Info: www.chicagodancingfestival.com

Most crucially there is the “Modern Women” program (6 p.m. and 8 p.m. on Aug. 26 at the MCA, 220 E. Chicago), which will feature pieces from the reps of Lori Belilove & Isadora Duncan Dance Company (Duncan’s “Valse Brillant”); the Martha Graham Dance Company (Graham’s “Deep Song”); Hubbard Street Dance Chicago (in “A Picture of You Falling,” by the brilliant Canadian, Crystal Pite); and pieces by two New York-based dance-makers, Kate Weare and Pam Tanowitz.

“At the start of the 20th century women were beginning to find their public voice,” said Belilove. “Isadora Duncan [1877 – 1927], embraced the wholeness of the body based on the revival of all things Greek, and she used dance as the essential medium to express freedom, beauty, and power. In ‘Valse Brilliant,’ she used images of water, wind and waves as powerful forces in nature. She saw women as a link in the chain of life, with her movement at one with the great movement that runs through the universe.”

Hubbard Street Dance Chicago’s Jason Hortin will perform Crystal Pite’s “A Picture of You Falling” at the 8 p.m. performance of “Modern Women” on Aug. 26. (Photo: Todd Rosenberg)

Hubbard Street Dance Chicago’s Jason Hortin will perform Crystal Pite’s “A Picture of You Falling” at the 8 p.m. performance of “Modern Women” on Aug. 26. (Photo: Todd Rosenberg)

Martha Graham (1894 – 1991), the choreographer whose influence on dance is often compared to Picasso’s on the visual arts, developed the essential technique of modern dance.
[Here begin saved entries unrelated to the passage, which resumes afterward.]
lemma attr_mult_prod_insert:
  assumes a: "a \<in> attr_space K" and j: "j \<in> {1..K}" and "finite A"
  shows "a j * (\<Prod>i\<in>A. a i) = (\<Prod>i\<in>insert j A. a i)"
proof (cases "j \<in> A")
  case True
  have "a j * a j = a j" using attr_space_values[OF a j] by auto
  then show ?thesis
    using True \<open>finite A\<close> by (simp add: prod.remove insert_absorb mult.assoc[symmetric])
qed (use \<open>finite A\<close> in simp)

lemma attr_expect_mult_prod_subset:
  assumes A: "A \<subseteq> {1..K}" and j: "j \<in> {1..K}"
  shows "attr_expect K p (\<lambda>a. a j * (\<Prod>i\<in>A. a i)) = (if j \<in> A then 1 else p j) * (\<Prod>i\<in>A. p i)"
proof -
  have "finite A" using A finite_subset by blast
  have "attr_expect K p (\<lambda>a. a j * (\<Prod>i\<in>A. a i)) = attr_expect K p (\<lambda>a. \<Prod>i\<in>insert j A. a i)"
    using attr_mult_prod_insert[OF _ j \<open>finite A\<close>] by (rule attr_expect_cong)
  also have "\<dots> = (\<Prod>i\<in>insert j A. p i)"
    using A j by (intro attr_expect_prod_subset) auto
  finally show ?thesis using \<open>finite A\<close> by (simp add: insert_absorb)
qed

lemma attr_expect_component: "j \<in> {1..K} \<Longrightarrow> attr_expect K p (\<lambda>a. a j) = p j"
  using attr_expect_prod_subset[of "{j}" K p] by simp

lemma attr_expect_covariance:
  assumes j: "j \<in> {1..K}" and k: "k \<in> {1..K}"
  shows "attr_expect K p (\<lambda>a. a j * (a k - p k)) = (if j = k then p j * (1 - p j) else 0)"
proof -
  have "attr_expect K p (\<lambda>a. a j * (a k - p k))
      = attr_expect K p (\<lambda>a. a j * (\<Prod>i\<in>{k}. a i)) - p k * attr_expect K p (\<lambda>a. a j)"
    by (simp only: flip: attr_expect_cmult attr_expect_diff) (simp add: algebra_simps)
  also have "\<dots> = (if j \<in> {k} then 1 else p j) * (\<Prod>i\<in>{k}. p i) - p k * p j"
    using attr_expect_mult_prod_subset[of "{k}" K j p, OF _ j] attr_expect_component[OF j] k by simp
  finally show ?thesis by (auto simp: algebra_simps)
qed

definition attr_orthogonal :: "nat \<Rightarrow> (nat \<Rightarrow> real) \<Rightarrow> ((nat \<Rightarrow> real) \<Rightarrow> real) \<Rightarrow> bool" where
  "attr_orthogonal K p r \<longleftrightarrow>
     attr_expect K p r = 0 \<and> (\<forall>j\<in>{1..K}. attr_expect K p (\<lambda>a. a j * r a) = 0)"

lemma attr_orthogonal_cong:
  "(\<And>a. a \<in> attr_space K \<Longrightarrow> r a = r' a) \<Longrightarrow> attr_orthogonal K p r \<longleftrightarrow> attr_orthogonal K p r'"
  unfolding attr_orthogonal_def by (simp cong: attr_expect_cong)

lemma attr_orthogonal_cmult: "attr_orthogonal K p r \<Longrightarrow> attr_orthogonal K p (\<lambda>a. c * r a)"
  unfolding attr_orthogonal_def
  by (simp add: attr_expect_cmult mult.left_commute[where a = c])

lemma attr_expect_lin_pred_mult_orthogonal:
  assumes "attr_orthogonal K p r"
  shows "attr_expect K p (\<lambda>a. lin_pred K \<delta> a * r a) = 0"
proof -
  have "attr_expect K p (\<lambda>a. lin_pred K \<delta> a * r a)
      = \<delta> 0 * attr_expect K p r + (\<Sum>k=1..K. \<delta> k * attr_expect K p (\<lambda>a. a k * r a))"
    unfolding lin_pred_def
    by (simp add: distrib_right sum_distrib_right mult.assoc attr_expect_add attr_expect_sum
        attr_expect_cmult)
  then show ?thesis using assms unfolding attr_orthogonal_def by simp
qed

lemma lin_pred_diff: "lin_pred K \<gamma> a - lin_pred K \<beta> a = lin_pred K (\<lambda>k. \<gamma> k - \<beta> k) a"
  unfolding lin_pred_def by (simp add: sum_subtractf left_diff_distrib)

lemma ls_risk_eq_noise_plus_bias:
  "ls_risk K Ks p s g \<beta> = attr_expect K p (\<lambda>a. dina_mean Ks s g a * (1 - dina_mean Ks s g a))
     + attr_expect K p (\<lambda>a. (lin_pred K \<beta> a - dina_mean Ks s g a)\<^sup>2)"
  unfolding ls_risk_def attr_expect_add[symmetric] unfolding attr_expect_def
  by (intro sum.cong) (auto simp: algebra_simps power2_eq_square)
Her solo, “Deep Song,” choreographed in 1937, was a response to the Spanish Civil War, and was created the same year Picasso painted “Guernica,” on the same subject.

“Women’s essential role in the development of modern dance grew out of a combination of things,” said Janet Eilber, the Graham company’s artistic director. “It was the shift from corsets to bloomers, the changes that grew out of the Industrial Revolution, the interest in social eurythmics. And in the 1930s modern dance blossomed as a way by which women could make political statements.”

“The distortion of the body and face, and the torquelike movements in ‘Deep Song’ are Graham’s lament and outcry against the rise of fascism, and the way wives and mothers are the ones left behind to deal with all the loss,” said Eilber. “Martha was just such a powerful, radical game-changer.”

The “Modern Women” program also will feature a special screening of the one-minute film “Butterfly Dance,” by Loie Fuller (another modern dance pioneer, born in 1862 in what is now suburban Hinsdale, Ill.), plus additional historical footage and photos.

Beyond that program there is the hint that things also might be changing (if slowly) in the ballet world. Since 2012, Lourdes Lopez, formerly a principal dancer with the New York City Ballet, has been artistic director of Miami City Ballet. Few women in any country hold such a post.

Blakeley White-McGuire of the Martha Graham Dance Company will perform Graham’s “Deep Song.” She is seen here in another work.

Blakeley White-McGuire of the Martha Graham Dance Company will perform Graham’s “Deep Song.” She is seen here in another work.

“The rarity of it only really dawned on me once I got to Miami,” said Lopez. “Ballet has a long history and holds on very strongly to tradition — which is part of its beauty, but it also keeps it stuck. Plus, as a female ballet dancer there are probably 99 others like you in the studio, so you spend all your time striving to succeed, and then at some point you have to decide about having kids [Lopez has two], so your focus changes. I also think the boards of many ballet companies feel that without a man at the top you can’t do successful fundraising.”

In addition to performing Balanchine’s “Allegro Brilliante” (Aug. 27 at the Harris), Miami City Ballet will dance Twyla Tharp’s 1996 work, “Sweet Fields” (Aug. 29 at the Pritzker). Tharp, 74, has created scores of works for her own company, other modern troupes, major ballet companies and Broadway during a career spanning five decades, and is unquestionably another “exception to the rule.”

“I first saw ‘Sweet Fields’ more than 20 years ago and was blown away by it,” said Lopez. “It’s very different from much of Twyla’s work — incredibly spiritual, and set to beautiful hymns by William Billings. And it gives our corps something they can really grab hold of.”